Però i dati riguardanti l’effetto dei veleni dell’Ilva sulla popolazione generale sono spaventosi. L’incidenza dei tumori nella zona di Taranto circostante il sito siderurgico è superiore del 15% rispetto al resto della popolazione pugliese e raggiunge il 30% per il cancro al polmone. Non è argomento sufficiente per decidere di fermare la produzione?
«I dati sono inquietanti e in parte si riferiscono allo studio Sentieri già avviato da alcuni anni e che riguarda tutti i siti industriali oggetto di bonifica nazionale. Presenteremo a settembre lo studio completo. Però è necessario arricchire le indagini per avere un quadro più preciso e intervenire con iniziative efficaci. Faccio notare che nessun altro Paese dispone di una documentazione così vasta».
Che sta facendo il suo ministero?
«Vogliamo capire di più sui risultati delle iniziative anti inquinamento messe in campo dall’Ilva. Sono efficaci? Sono servite e serviranno ad abbassare il rischio per la popolazione? È fondamentale saperlo prima di muoversi».
Che altro?
«Entro il 15 ottobre riceverò i risultati di un’indagine di monitoraggio biologico condotta dalla Asl locale pugliese e dall’Istituto superiore di sanità. Verranno controllati i livelli di diossina e di metalli pesanti nel sangue o nelle urine degli allevatori del tarantino per valutare a quale grado di contaminazione sono esposti. Credo che questi due elementi, il calcolo dell’efficacia delle misure di bonifica adottate dall’Ilva e gli esami biologici, siano indispensabili per concertare un’azione seria. Non escludo che dopo aver acquisito queste informazioni venga istituita una task force permanente presso il ministero della Salute per rafforzare e coordinare gli interventi di tutela sanitaria a favore della popolazione colpita».

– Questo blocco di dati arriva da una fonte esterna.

(* Let $r>2$, $r_1\ge2$, $r_2\ge0$ with $r=r_1+r_2$. Then there exists $c>0$ such that for all $\kappa_1,\kappa_2>0$ (and for either choice of sign $\pm$): (i) $\displaystyle\int_0^\infty M\big(\kappa_1(s^2\pm1)^2+\kappa_2\big)^{-1/4}L\big(\kappa_1(s^2\pm1)^2+\kappa_2\big)^{-r}\,ds\le c\,\kappa_1^{-1/4}L(\kappa_1)^{-r_1+1}L(\kappa_2)^{-r_2}$; (ii) $\displaystyle\int_0^\infty |s^2\pm1|^{-1/2}L\big(\kappa_1(s^2\pm1)^2\big)^{-r}\,ds\le c\,L(\kappa_1^{-1})L(\kappa_1)^{-r+1}$; (iii) $\displaystyle\int_0^\infty M(\kappa_1s^2+\kappa_2)^{-1/2}L(\kappa_1s^2+\kappa_2)^{-r}\,ds\le c\,\kappa_1^{-1/2}L(\kappa_2)^{-r+2}$; (iv) $\displaystyle\int_0^\infty(\kappa_1s^2+\kappa_2)^{-1/2}L(\kappa_1s^2+\kappa_2)^{-r}\,ds\le c\,\kappa_1^{-1/2}L(\kappa_2^{-1})L(\kappa_2)^{-r+2}$.
   Context: $M:\mathbb{R}\to[9,\infty)$, $M(x)=\max(9,x)$, and $L=\log\circ M:\mathbb{R}\to[\log9,\infty)$. *)

theory Defs
  imports "HOL-Analysis.Analysis"
begin

definition M :: "real \<Rightarrow> real" where
  "M x = max 9 x"

definition L :: "real \<Rightarrow> real" where
  "L x = ln (M x)"

end

theory Submission
  imports Defs
begin

(* Every integral is split at the point b beyond which the argument of L exceeds 9. On the
   bounded part the integrand is bounded by its value at the left end; beyond b we have L = ln,
   and the tail integral of ds / (s ln(\<kappa> s^k)^q) is computed exactly by the fundamental
   theorem of calculus, giving L(\<kappa> b^k)^(1-q) / (k (q - 1)).  The length of the bounded
   part costs a factor \<kappa>^(-1/k) for the M-weighted integrals and a factor L(1/\<kappa>)
   for the 1/s-weighted ones.  For \<sigma> = -1 the quartic (s^2 - 1)^2 vanishes at s = 1, where
   it is compared with (s - 1)^2: at distance at least M(\<kappa>)^(-1/4) from 1 one still has
   L(\<kappa> (s-1)^2) \<ge> L(\<kappa>)/2, while the remaining window only contributes
   M(\<kappa>)^(-1/8), which is absorbed by any negative power of L(\<kappa>).  In (i) the shift
   by \<kappa>2 is split off as L(x)^(-r) = L(x)^(-r1) L(x)^(-r2) \<le> L(x)^(-r1) L(\<kappa>2)^(-r2). *)

section \<open>Elementary properties of M and L\<close>

lemma M_ge_9: "9 \<le> M x"
  by (simp add: M_def)

lemma M_ge: "x \<le> M x"
  by (simp add: M_def)

lemma M_mono: "x \<le> y \<Longrightarrow> M x \<le> M y"
  by (simp add: M_def)

lemma M_powr_antimono: "x \<le> y \<Longrightarrow> e \<le> 0 \<Longrightarrow> M y powr e \<le> M x powr e"
  using M_ge_9[of x] by (intro powr_mono2' M_mono) auto

lemma two_le_ln_9: "2 \<le> ln (9::real)"
proof -
  have "exp (2::real) = exp 1 ^ 2"
    by (simp add: exp_of_nat_mult[symmetric])
  also have "\<dots> \<le> 3 ^ 2"
    using exp_le by (intro power_mono) auto
  finally show ?thesis
    by (simp add: ln_ge_iff)
qed

lemma ln_9_le_L: "ln 9 \<le> L x"
  by (simp add: L_def M_def)

lemma one_le_L: "1 \<le> L x"
  using ln_9_le_L[of x] two_le_ln_9 by linarith

lemma L_pos: "0 < L x"
  using one_le_L[of x] by linarith

lemma L_mono: "x \<le> y \<Longrightarrow> L x \<le> L y"
  by (auto simp: L_def M_def)

lemma L_eq_ln: "9 \<le> x \<Longrightarrow> L x = ln x"
  by (simp add: L_def M_def)

lemma ln_le_L: "0 < x \<Longrightarrow> ln x \<le> L x"
  by (simp add: L_def M_def)

lemma L_M [simp]: "L (M x) = L x"
  by (simp add: L_def M_def)

lemma L_powr_antimono: "x \<le> y \<Longrightarrow> e \<le> 0 \<Longrightarrow> L y powr e \<le> L x powr e"
  using L_pos[of x] by (intro powr_mono2' L_mono) auto

lemma L_powr_mono: "a \<le> b \<Longrightarrow> L x powr a \<le> L x powr b"
  by (rule powr_mono[OF _ one_le_L])

lemma M_L_powr_antimono:
  "x \<le> y \<Longrightarrow> a \<le> 0 \<Longrightarrow> b \<le> 0 \<Longrightarrow> M y powr a * L y powr b \<le> M x powr a * L x powr b"
  by (intro mult_mono M_powr_antimono L_powr_antimono) auto

lemma ln_M_div_le_L_inverse:
  assumes "0 < x"
  shows "ln (M x / x) \<le> 2 * L (1 / x)"
proof (cases "9 \<le> x")
  case True
  then show ?thesis
    using L_pos[of "1/x"] by (simp add: M_def)
next
  case False
  then have "ln (M x / x) = ln 9 + ln (1 / x)"
    using assms by (simp add: M_def ln_div)
  also have "\<dots> \<le> 2 * L (1 / x)"
    using ln_9_le_L[of "1/x"] ln_le_L[of "1/x"] assms by simp
  finally show ?thesis .
qed

lemma ln_powr_le_powr:
  fixes y m e :: real
  assumes "1 \<le> y" "0 < m" "0 < e"
  shows "ln y powr m \<le> (m / e) powr m * y powr e"
proof -
  have "ln (y powr (e / m)) \<le> y powr (e / m)"
    using ln_le_minus_one[of "y powr (e / m)"] assms by simp
  then have "ln y \<le> m / e * y powr (e / m)"
    using assms by (simp add: ln_powr field_simps)
  then have "ln y powr m \<le> (m / e * y powr (e / m)) powr m"
    using assms by (intro powr_mono2) auto
  also have "\<dots> = (m / e) powr m * y powr e"
    using assms by (simp add: powr_mult powr_powr powr_divide)
  finally show ?thesis .
qed

lemma M_powr_le_L_powr:
  fixes m e :: real
  assumes "0 < m" "0 < e"
  shows "M x powr (-e) \<le> (m / e) powr m * L x powr (-m)"
proof -
  have L: "L x powr m \<le> (m / e) powr m * M x powr e"
    unfolding L_def using ln_powr_le_powr[of "M x" m e] M_ge_9[of x] assms by simp
  have "M x powr (-e) = M x powr (-e) * L x powr m * L x powr (-m)"
    using L_pos[of x] by (simp add: powr_minus field_simps)
  also have "\<dots> \<le> M x powr (-e) * ((m / e) powr m * M x powr e) * L x powr (-m)"
    by (intro mult_right_mono mult_left_mono L) auto
  also have "\<dots> = (m / e) powr m * L x powr (-m)"
    using M_ge_9[of x] by (simp add: powr_minus field_simps)
  finally show ?thesis .
qed

lemma L_mult_M_powr_ge:
  assumes "0 < x"
  shows "L x / 2 \<le> L (x * M x powr (-1/2))"
proof (cases "9 \<le> x")
  case True
  then have "x * M x powr (-1/2) = sqrt x"
    using assms by (simp add: M_def powr_minus_divide powr_half_sqrt real_div_sqrt)
  then show ?thesis
    using True assms ln_le_L[of "sqrt x"] by (simp add: L_eq_ln ln_sqrt)
next
  case False
  then show ?thesis
    using ln_9_le_L[of "x * M x powr (-1/2)"] two_le_ln_9 by (simp add: L_def[of x] M_def)
qed

lemma borel_measurable_M [measurable]: "M \<in> borel_measurable borel"
  unfolding M_def by measurable

lemma borel_measurable_L [measurable]: "L \<in> borel_measurable borel"
  unfolding L_def by measurable

lemma ennreal_add_le:
  fixes X Y :: ennreal
  assumes "X \<le> ennreal a" "Y \<le> ennreal b" "0 \<le> a" "0 \<le> b"
  shows "X + Y \<le> ennreal (a + b)"
  using add_mono[OF assms(1,2)] assms(3,4) by (simp add: ennreal_plus)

Avete fondi sufficienti, visti i tagli inflitti alla Sanità dalla legge di revisione della spesa? Potrete attingere a una parte dei 300 milioni stanziati dal governo per l’Ilva?
«Sarà materia di dialogo col ministero dell’Ambiente. Certo se verrà deciso di rafforzare ambulatori e servizi di prevenzione e cura sul posto non basteranno le risorse già previste per sostenere le attività del nostro Centro di sorveglianza delle malattie. Ragioneremo su questo argomento con Clini come abbiamo sempre fatto finora in vicende che ci vedono ambedue coinvolti».
Il premier Monti ha chiesto ad alcuni ministri di recarsi a Taranto il 17 agosto e di riferire sulla situazione. Sarebbero stati contattati Clini, Severino e Passera. Lei non c’è, come mai?
«Ne ho parlato con Monti, l’ho informato che intendo recarmi a Taranto all’inizio di settembre quando avrò dati aggiornati. Preferisco contribuire con elementi nuovi di valutazione. Ma se ritengono debba anticipare la mia visita, sono a disposizione».
La magistratura ha il diritto di intervenire su un fatto del genere?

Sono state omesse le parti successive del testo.